All right, then, you have to solve f(x) = 3x^3 - 4x^2 + 8x + 8 = 0 for its roots. The general roots of a cubic polynomial are a rather complicated expression, which you can look up on Google and start cranking on (recommended!), or use a math site such as Mathematica.
It appears to me from casual inspection that there is one real root, hence 2 complex ones. The graph of the function will tell you this, if it has some wobble (i.e. a sinusiodal component to its first or second derivative somewhere in the middle of the domain). You should know by now that a cubic equation (degree 3) has 3 roots, and that they may be all real, all imaginary, or some real and some imaginary; additionally, some roots may be multiple, i.e. if they coincide at an inflection or minimum or maximum point, as they do in y = x^2 for example -- both roots are x=0, and this is a minimum point.
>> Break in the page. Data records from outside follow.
(* Let $\mathcal{P}\subset K[x_1,\ldots,x_n]$ be a chordal polynomial set with $x_1<\cdots<x_n$ as a perfect elimination ordering. Consider a successive reduction $\overline{\mathrm{red}}_n(\mathcal{P}),\overline{\mathrm{red}}_{n-1}(\mathcal{P}),\ldots,\overline{\mathrm{red}}_1(\mathcal{P})$. Assume that for each $i=n,\ldots,1$ with $\overline{\mathrm{red}}_{i+1}(\mathcal{P})^{(i)}\neq\emptyset$, the reduction data $(T_i,\mathcal{R}_i)$ used at step $i$ satisfies $\mathrm{supp}(T_i)=\mathrm{supp}\big(\overline{\mathrm{red}}_{i+1}(\mathcal{P})^{(i)}\big)$. Then $G(\overline{\mathrm{red}}_1(\mathcal{P}))=G(\mathcal{P})$.
   Context: Let $K$ be a field and $K[x_1,\ldots,x_n]$ the polynomial ring, with the variables ordered $x_1<\cdots<x_n$. For a polynomial $F$, $\mathrm{supp}(F)$ is the set of variables effectively appearing in $F$. For a set of polynomials $\mathcal{P}$, $\mathrm{supp}(\mathcal{P})=\bigcup_{F\in\mathcal{P}}\mathrm{supp}(F)$. For a nonconstant $F$, $\mathrm{lv}(F)$ is the greatest variable in $\mathrm{supp}(F)$. For a polynomial set $\mathcal{P}$ and $1\le i\le n$, $\mathcal{P}^{(i)}=\{P\in\mathcal{P}:\mathrm{lv}(P)=x_i\}$; constants belong to no $\mathcal{P}^{(i)}$. The associated graph $G(\mathcal{P})$ is the undirected graph whose vertex set is $\mathrm{supp}(\mathcal{P})$, with an edge between distinct $x_i,x_j$ iff some $F\in\mathcal{P}$ has $x_i,x_j\in\mathrm{supp}(F)$. For graphs, $G\subseteq G'$ means that $G$ is a subgraph of $G'$, i.e. both the vertex set and the edge set are contained. An ordering of the vertices of a graph is a perfect elimination ordering if, for every vertex $v$, the set consisting of $v$ and all neighbours of $v$ smaller than $v$ is a clique. A polynomial set $\mathcal{P}$ is called chordal with $x_1<\cdots<x_n$ as a perfect elimination ordering if the restriction of this ordering to $\mathrm{supp}(\mathcal{P})$ is a perfect elimination ordering of $G(\mathcal{P})$. Reduction step: let $\mathcal{S}$ be a polynomial set and $1\le i\le n$ with $\mathcal{S}^{(i)}\neq\emptyset$. Reduction data for $(\mathcal{S},i)$ is a pair $(T_i,\mathcal{R}_i)$ such that: - $T_i\in K[x_1,\ldots,x_i]\setminus K[x_1,\ldots,x_{i-1}]$ and $\mathcal{R}_i\subset K[x_1,\ldots,x_{i-1}]$, where $K[x_1,\ldots,x_0]=K$; - $\mathrm{supp}(T_i)\subseteq\mathrm{supp}(\mathcal{S}^{(i)})$ and $\mathrm{supp}(\mathcal{R}_i)\subseteq\mathrm{supp}(\mathcal{S}^{(i)})$. Such a pair arises, for example, from $T_i$ and pseudo-remainders. Given such a pair, $$\mathrm{red}_i(\mathcal{S})=\bigcup_{j>i}\mathcal{S}^{(j)}\ \cup\ \{T_i\}\ \cup\ \bigcup_{j<i}\big(\mathcal{S}^{(j)}\cup\mathcal{R}_i^{(j)}\big).$$ If $\mathcal{S}^{(i)}=\emptyset$, set $\mathrm{red}_i(\mathcal{S})=\bigcup_{j}\mathcal{S}^{(j)}$. Successive reduction: $\overline{\mathrm{red}}_{n+1}(\mathcal{P})=\mathcal{P}$ and $\overline{\mathrm{red}}_i(\mathcal{P})=\mathrm{red}_i(\overline{\mathrm{red}}_{i+1}(\mathcal{P}))$ for $i=n,\ldots,1$. At each step some reduction data for $(\overline{\mathrm{red}}_{i+1}(\mathcal{P}),i)$ is chosen. *)

theory Defs
  imports "HOL-Library.Poly_Mapping"
begin

text \<open>Multivariate polynomials over K in variables x_1, x_2, ... (indexed by nat):
  a polynomial is a finitely supported map from monomials (exponent vectors,
  finitely supported nat => nat) to coefficients.\<close>
type_synonym 'a mpoly = "(nat \<Rightarrow>\<^sub>0 nat) \<Rightarrow>\<^sub>0 'a"

definition supp :: "'a::zero mpoly \<Rightarrow> nat set" where
  "supp F = (\<Union>m\<in>Poly_Mapping.keys F. Poly_Mapping.keys m)"

definition suppS :: "'a::zero mpoly set \<Rightarrow> nat set" where
  "suppS P = \<Union> (supp ` P)"

definition lv :: "'a::zero mpoly \<Rightarrow> nat" where
  "lv F = Max (supp F)"

definition level :: "'a::zero mpoly set \<Rightarrow> nat \<Rightarrow> 'a mpoly set" where
  "level P i = {F \<in> P. supp F \<noteq> {} \<and> lv F = i}"

text \<open>Associated graph: (vertex set, edge relation) as a set of ordered pairs (symmetric).\<close>
definition assoc_graph :: "'a::zero mpoly set \<Rightarrow> nat set \<times> (nat \<times> nat) set" where
  "assoc_graph P = (suppS P,
     {(a, b). a \<noteq> b \<and> (\<exists>F\<in>P. a \<in> supp F \<and> b \<in> supp F)})"

definition is_peo :: "nat set \<times> (nat \<times> nat) set \<Rightarrow> bool" where
  "is_peo G = (\<forall>v \<in> fst G.
      (\<forall>a \<in> insert v {u \<in> fst G. u < v \<and> (u, v) \<in> snd G}.
       \<forall>b \<in> insert v {u \<in> fst G. u < v \<and> (u, v) \<in> snd G}.
         a \<noteq> b \<longrightarrow> (a, b) \<in> snd G))"

definition chordal :: "'a::zero mpoly set \<Rightarrow> bool" where
  "chordal P = is_peo (assoc_graph P)"

definition red_data :: "'a::zero mpoly set \<Rightarrow> nat \<Rightarrow> 'a mpoly \<Rightarrow> 'a mpoly set \<Rightarrow> bool" where
  "red_data S i T R =
     (supp T \<subseteq> {1..i} \<and> i \<in> supp T \<and> (\<forall>F\<in>R. supp F \<subseteq> {1..<i}) \<and>
      supp T \<subseteq> suppS (level S i) \<and> suppS R \<subseteq> suppS (level S i))"

definition red :: "nat \<Rightarrow> 'a::zero mpoly set \<Rightarrow> nat \<Rightarrow> 'a mpoly \<Rightarrow> 'a mpoly set \<Rightarrow> 'a mpoly set" where
  "red n S i T R =
     (if level S i = {} then (\<Union>j\<in>{1..n}. level S j)
      else (\<Union>j\<in>{i<..n}. level S j) \<union> {T} \<union> (\<Union>j\<in>{1..<i}. level S j \<union> level R j))"

end

theory Submission
  imports Defs
begin

text \<open>
  One reduction step at level i removes the polynomials with leading variable
  x_i and adds T_i and R_i, whose variables all lie in supp(S^(i)). This removes no edge,
  because T_i covers every removed polynomial. It adds no edge either: the variables of
  S^(i) are x_i and neighbours of x_i below it, which form a clique by chordality. Since
  the graph is unchanged, chordality is inherited by the next step.
\<close>

lemma finite_supp: "finite (supp F)"
  unfolding supp_def by auto

lemma lv_in_supp: "supp F \<noteq> {} \<Longrightarrow> lv F \<in> supp F"
  unfolding lv_def by (simp add: finite_supp)

lemma le_lv: "a \<in> supp F \<Longrightarrow> a \<le> lv F"
  unfolding lv_def by (simp add: finite_supp)

lemma assoc_graph_eqI:
  assumes "\<And>a b. (\<exists>F\<in>P. a \<in> supp F \<and> b \<in> supp F) \<longleftrightarrow> (\<exists>F\<in>P'. a \<in> supp F \<and> b \<in> supp F)"
  shows "assoc_graph P = assoc_graph P'"
proof -
  have "suppS P = suppS P'"
    using assms unfolding suppS_def by blast
  then show ?thesis
    using assms unfolding assoc_graph_def by auto
qed

lemma chordal_level_clique:
  assumes chordal: "chordal S"
    and a: "a \<in> suppS (level S i)" and b: "b \<in> suppS (level S i)"
  shows "\<exists>F\<in>S. a \<in> supp F \<and> b \<in> supp F"
proof -
  obtain Fa where Fa: "Fa \<in> S" "supp Fa \<noteq> {}" "lv Fa = i" "a \<in> supp Fa"
    using a unfolding suppS_def level_def by auto
  obtain Fb where Fb: "Fb \<in> S" "supp Fb \<noteq> {}" "lv Fb = i" "b \<in> supp Fb"
    using b unfolding suppS_def level_def by auto
  have i_Fa: "i \<in> supp Fa" and i_Fb: "i \<in> supp Fb"
    using lv_in_supp Fa Fb by metis+
  show ?thesis
  proof (cases "a = b \<or> a = i \<or> b = i")
    case True
    then show ?thesis using Fa Fb i_Fa i_Fb by blast
  next
    case False
    let ?V = "fst (assoc_graph S)" and ?E = "snd (assoc_graph S)"
    let ?N = "insert i {u \<in> ?V. u < i \<and> (u, i) \<in> ?E}"
    have "i \<in> ?V"
      using Fa(1) i_Fa unfolding assoc_graph_def suppS_def by auto
    moreover have "a \<in> ?N"
      using False Fa i_Fa le_lv[OF Fa(4)] unfolding assoc_graph_def suppS_def by auto
    moreover have "b \<in> ?N"
      using False Fb i_Fb le_lv[OF Fb(4)] unfolding assoc_graph_def suppS_def by auto
    ultimately have "(a, b) \<in> ?E"
      using chordal False unfolding chordal_def is_peo_def by blast
    then show ?thesis
      unfolding assoc_graph_def by auto
  qed
qed

lemma mem_redE:
  assumes "F \<in> red n S i T R"
  obtains "F \<in> S" | "level S i \<noteq> {}" "F = T" | "level S i \<noteq> {}" "F \<in> R"
  using assms unfolding red_def level_def by (auto split: if_splits)

lemma mem_redI:
  assumes "F \<in> S" "supp F \<noteq> {}" "supp F \<subseteq> {1..n}" "level S i = {} \<or> lv F \<noteq> i"
  shows "F \<in> red n S i T R"
proof -
  have lv_range: "lv F \<in> {1..n}"
    using lv_in_supp assms(2,3) by blast
  have "F \<in> level S (lv F)"
    using assms(1,2) unfolding level_def by simp
  then show ?thesis
    using lv_range assms(4) unfolding red_def by (cases "lv F < i") auto
qed

lemma red_data_supp_subset:
  assumes "red_data S i T R" "F = T \<or> F \<in> R"
  shows "supp F \<subseteq> suppS (level S i)" and "supp F \<subseteq> {1..i}"
  using assms unfolding red_data_def suppS_def by fastforce+

lemma red_supp_bounded:
  assumes vars: "\<forall>F\<in>S. supp F \<subseteq> {1..n}" and "i \<le> n"
    and data: "level S i \<noteq> {} \<Longrightarrow> red_data S i T R"
  shows "\<forall>F\<in>red n S i T R. supp F \<subseteq> {1..n}"
proof
  fix F assume "F \<in> red n S i T R"
  then show "supp F \<subseteq> {1..n}"
    by (cases rule: mem_redE)
      (use vars \<open>i \<le> n\<close> data red_data_supp_subset(2)[of S i T R F] in fastforce)+
qed

lemma assoc_graph_red:
  assumes vars: "\<forall>F\<in>S. supp F \<subseteq> {1..n}" and chordal: "chordal S"
    and data: "level S i \<noteq> {} \<Longrightarrow> red_data S i T R"
    and supp_T: "level S i \<noteq> {} \<Longrightarrow> supp T = suppS (level S i)"
  shows "assoc_graph (red n S i T R) = assoc_graph S"
proof (rule assoc_graph_eqI)
  fix a b
  show "(\<exists>F\<in>red n S i T R. a \<in> supp F \<and> b \<in> supp F) \<longleftrightarrow> (\<exists>F\<in>S. a \<in> supp F \<and> b \<in> supp F)"
  proof
    assume "\<exists>F\<in>red n S i T R. a \<in> supp F \<and> b \<in> supp F"
    then obtain F where F: "F \<in> red n S i T R" "a \<in> supp F" "b \<in> supp F"
      by blast
    then show "\<exists>F\<in>S. a \<in> supp F \<and> b \<in> supp F"
      by (cases rule: mem_redE)
        (use F data red_data_supp_subset(1)[of S i T R F] chordal_level_clique[OF chordal]
          in blast)+
  next
    assume "\<exists>F\<in>S. a \<in> supp F \<and> b \<in> supp F"
    then obtain F where F: "F \<in> S" "a \<in> supp F" "b \<in> supp F"
      by blast
    show "\<exists>F\<in>red n S i T R. a \<in> supp F \<and> b \<in> supp F"
    proof (cases "level S i \<noteq> {} \<and> lv F = i")
      case True
      then have "F \<in> level S i"
        using F unfolding level_def by auto
      then have "supp F \<subseteq> supp T"
        using True supp_T unfolding suppS_def by auto
      moreover have "T \<in> red n S i T R"
        using True unfolding red_def by auto
      ultimately show ?thesis
        using F by blast
    next
      case False
      then have "F \<in> red n S i T R"
        using F vars by (intro mem_redI) auto
      then show ?thesis
        using F by blast
    qed
  qed
qed

theorem proposition3p3:
  fixes n :: nat
    and P :: "'a::field mpoly set"
    and Q :: "nat \<Rightarrow> 'a mpoly set"
    and T :: "nat \<Rightarrow> 'a mpoly"
    and R :: "nat \<Rightarrow> 'a mpoly set"
  assumes P_vars: "\<forall>F\<in>P. supp F \<subseteq> {1..n}"
    and P_chordal: "chordal P"
    and Q_init: "Q (n + 1) = P"
    and Q_step: "\<forall>i\<in>{1..n}.
        (level (Q (i + 1)) i \<noteq> {} \<longrightarrow> red_data (Q (i + 1)) i (T i) (R i))
        \<and> Q i = red n (Q (i + 1)) i (T i) (R i)"
    and T_supp: "\<forall>i\<in>{1..n}. level (Q (i + 1)) i \<noteq> {} \<longrightarrow>
        supp (T i) = suppS (level (Q (i + 1)) i)"
  shows "assoc_graph (Q 1) = assoc_graph P"
proof -
  have "assoc_graph (Q i) = assoc_graph P \<and> (\<forall>F\<in>Q i. supp F \<subseteq> {1..n})"
    if "i \<le> n + 1" "1 \<le> i" for i
    using that
  proof (induction i rule: inc_induct)
    case base
    show ?case using Q_init P_vars by simp
  next
    case (step i)
    then have i: "i \<in> {1..n}" by simp
    note IH = step.IH[simplified]
    have vars: "\<forall>F\<in>Q (i + 1). supp F \<subseteq> {1..n}"
      and chordal: "chordal (Q (i + 1))"
      using IH P_chordal unfolding chordal_def by simp_all
    have Q_i: "Q i = red n (Q (i + 1)) i (T i) (R i)"
      and data: "level (Q (i + 1)) i \<noteq> {} \<Longrightarrow> red_data (Q (i + 1)) i (T i) (R i)"
      and supp_T: "level (Q (i + 1)) i \<noteq> {} \<Longrightarrow> supp (T i) = suppS (level (Q (i + 1)) i)"
      using Q_step T_supp i by blast+
    have "assoc_graph (Q i) = assoc_graph P"
      using assoc_graph_red[OF vars chordal data supp_T] Q_i IH by simp
    moreover have "\<forall>F\<in>Q i. supp F \<subseteq> {1..n}"
      using red_supp_bounded[OF vars _ data] Q_i i by simp
    ultimately show ?case ..
  qed
  then show ?thesis by simp
qed

end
What you may not yet appreciate is that the detailed appearance of the curve of the function indicates where those roots lie. For example, in f(x) = 2 + x^2, the curve never touches the x-axis, hence there are no real roots. However, if you reflect the curve vertically around its vertex (i.e. over the line y=2), the flipped curve crosses the x-axis at the points corresponding to the coefficients of the imaginary roots ( + and - (2)^0.5 ); the roots are +/-(2)^(0.5)*i .
If this seems mysterious, you may want to actually generate a few cubic functions using known complex and real roots, and look at their shape. Just a few trials, and you'll get handy at it.
-- Cheers, --Mr. d.